35-2-725. Effect of dissolution. (1) A dissolved corporation continues its corporate existence but may not carry on any activities except those appropriate to wind up and liquidate its affairs, including:
(a) preserving and protecting its assets and minimizing its liabilities;
(b) discharging or making provision for discharging its liabilities and obligations;
(c) disposing of its properties that will not be distributed in kind;
(d) returning, transferring, or conveying assets held by the corporation upon a condition requiring return, transfer, or conveyance in accordance with the condition;
(e) transferring, subject to any contractual or legal requirements, its assets as provided in or authorized by its articles of incorporation or bylaws;
(f) if the corporation is a public benefit corporation or religious corporation and provision has not been made in its articles or bylaws for distribution of assets on dissolution, transferring, subject to any contractual or legal requirement, its assets:
(i) to one or more persons described in section 501(c)(3) of the Internal Revenue Code; or
(ii) if the dissolved corporation is not described in section 501(c)(3) of the Internal Revenue Code, to one or more public benefit corporations or religious corporations;
(g) if the corporation is a mutual benefit corporation and provision has not been made in its articles or bylaws for distribution of assets on dissolution, transferring its assets to its members or, if it does not have members, to those persons whom the corporation holds itself out as benefiting or serving; and
(h) doing every other act necessary to wind up and liquidate its assets and affairs.

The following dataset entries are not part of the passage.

lemma hextend_linear: "Vector_Spaces.linear smult smult (hextend h)"
proof -
  have "hextend h (x + y) = hextend h x + hextend h y" for x y
  proof -
    define S where "S = {i. hcomp i x \<noteq> 0} \<union> {i. hcomp i y \<noteq> 0}"
    have S: "finite S" "{i. hcomp i (x + y) \<noteq> 0} \<subseteq> S"
      using finite_hcomp_support by (auto simp: S_def hcomp_add)
    then show ?thesis
      using hextend_eq_sum[OF S] hextend_eq_sum[OF S(1), of x] hextend_eq_sum[OF S(1), of y]
      by (simp add: S_def hcomp_add h_add hcomp_in sum.distrib)
  qed
  moreover have "hextend h (smult c x) = smult c (hextend h x)" for c x
  proof -
    have S: "finite {i. hcomp i x \<noteq> 0}" "{i. hcomp i (smult c x) \<noteq> 0} \<subseteq> {i. hcomp i x \<noteq> 0}"
      using finite_hcomp_support by (auto simp: hcomp_scale)
    then show ?thesis
      using hextend_eq_sum[OF S] hextend_eq_sum[OF S(1) order_refl]
      by (simp add: hcomp_scale h_scale hcomp_in scale_sum_right)
  qed
  ultimately show ?thesis
    by (simp add: Vector_Spaces.linear_iff vector_space_axioms)
qed

lemma hextend_mult:
  assumes h_mult: "\<And>i j x y. x \<in> G i \<Longrightarrow> y \<in> G j \<Longrightarrow> h (i + j) (x * y) = h i x * h j y"
  shows "hextend h (x * y) = hextend h x * hextend h y"
proof -
  interpret hextend: Vector_Spaces.linear smult smult "hextend h" by (rule hextend_linear)
  define S where "S = {i. hcomp i x \<noteq> 0} \<union> {i. hcomp i y \<noteq> 0}"
  have S: "finite S" "{i. hcomp i x \<noteq> 0} \<subseteq> S" "{i. hcomp i y \<noteq> 0} \<subseteq> S"
    using finite_hcomp_support S_def by auto
  have "x * y = (\<Sum>i\<in>S. \<Sum>j\<in>S. hcomp i x * hcomp j y)"
    using sum_hcomp[OF S(1,2)] sum_hcomp[OF S(1,3)] by (simp flip: sum_product)
  then have "hextend h (x * y) = (\<Sum>i\<in>S. \<Sum>j\<in>S. h (i + j) (hcomp i x * hcomp j y))"
    by (simp add: hextend.sum hextend_homogeneous[OF mult_G[OF hcomp_in hcomp_in]])
  also have "\<dots> = (\<Sum>i\<in>S. h i (hcomp i x)) * (\<Sum>j\<in>S. h j (hcomp j y))"
    by (simp add: h_mult hcomp_in sum_product)
  also have "\<dots> = hextend h x * hextend h y"
    using hextend_eq_sum[OF S(1,2)] hextend_eq_sum[OF S(1,3)] by simp
  finally show ?thesis .
qed
lemma bipartite_triples_through:
  assumes "A \<inter> B = {}" and "i \<in> A \<union> B" and "j \<in> A \<union> B" and "i \<noteq> j"
  shows "{f. f \<subseteq> A \<union> B \<and> card f = 3 \<and> f \<inter> A \<noteq> {} \<and> f \<inter> B \<noteq> {} \<and> i \<in> f \<and> j \<in> f}
    = (\<lambda>k. {i, j, k}) ` {k \<in> A \<union> B - {i, j}. (i \<in> A \<and> j \<in> A \<longrightarrow> k \<in> B) \<and> (i \<in> B \<and> j \<in> B \<longrightarrow> k \<in> A)}"
    (is "?F = (\<lambda>k. {i, j, k}) ` ?T")
proof (intro equalityI subsetI)
  fix f assume f: "f \<in> ?F"
  then have "finite f" by (auto intro: card_ge_0_finite)
  with f assms(4) have "card (f - {i, j}) = 1" by (simp add: card_Diff_subset)
  then obtain k where "f - {i, j} = {k}" by (rule card_1_singletonE)
  then have "f = {i, j, k}" "k \<noteq> i" "k \<noteq> j" using f by auto
  with f assms(1) show "f \<in> (\<lambda>k. {i, j, k}) ` ?T" by auto
next
  fix f assume "f \<in> (\<lambda>k. {i, j, k}) ` ?T"
  with assms show "f \<in> ?F" by auto
qed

(2) Dissolution of a corporation does not:
(a) transfer title to the corporation's property;
(b) subject its directors or officers to standards of conduct different from those prescribed in part 4 of this chapter;
(c) change quorum or voting requirements for its board or members; change provisions for selection, resignation, or removal of its directors or officers, or both; or change provisions for amending its bylaws;
(d) prevent commencement of a proceeding by or against the corporation in its corporate name;
(e) abate or suspend a proceeding pending by or against the corporation on the effective date of dissolution; or
(f) terminate the authority of the registered agent.
History: En. Sec. 139, Ch. 411, L. 1991.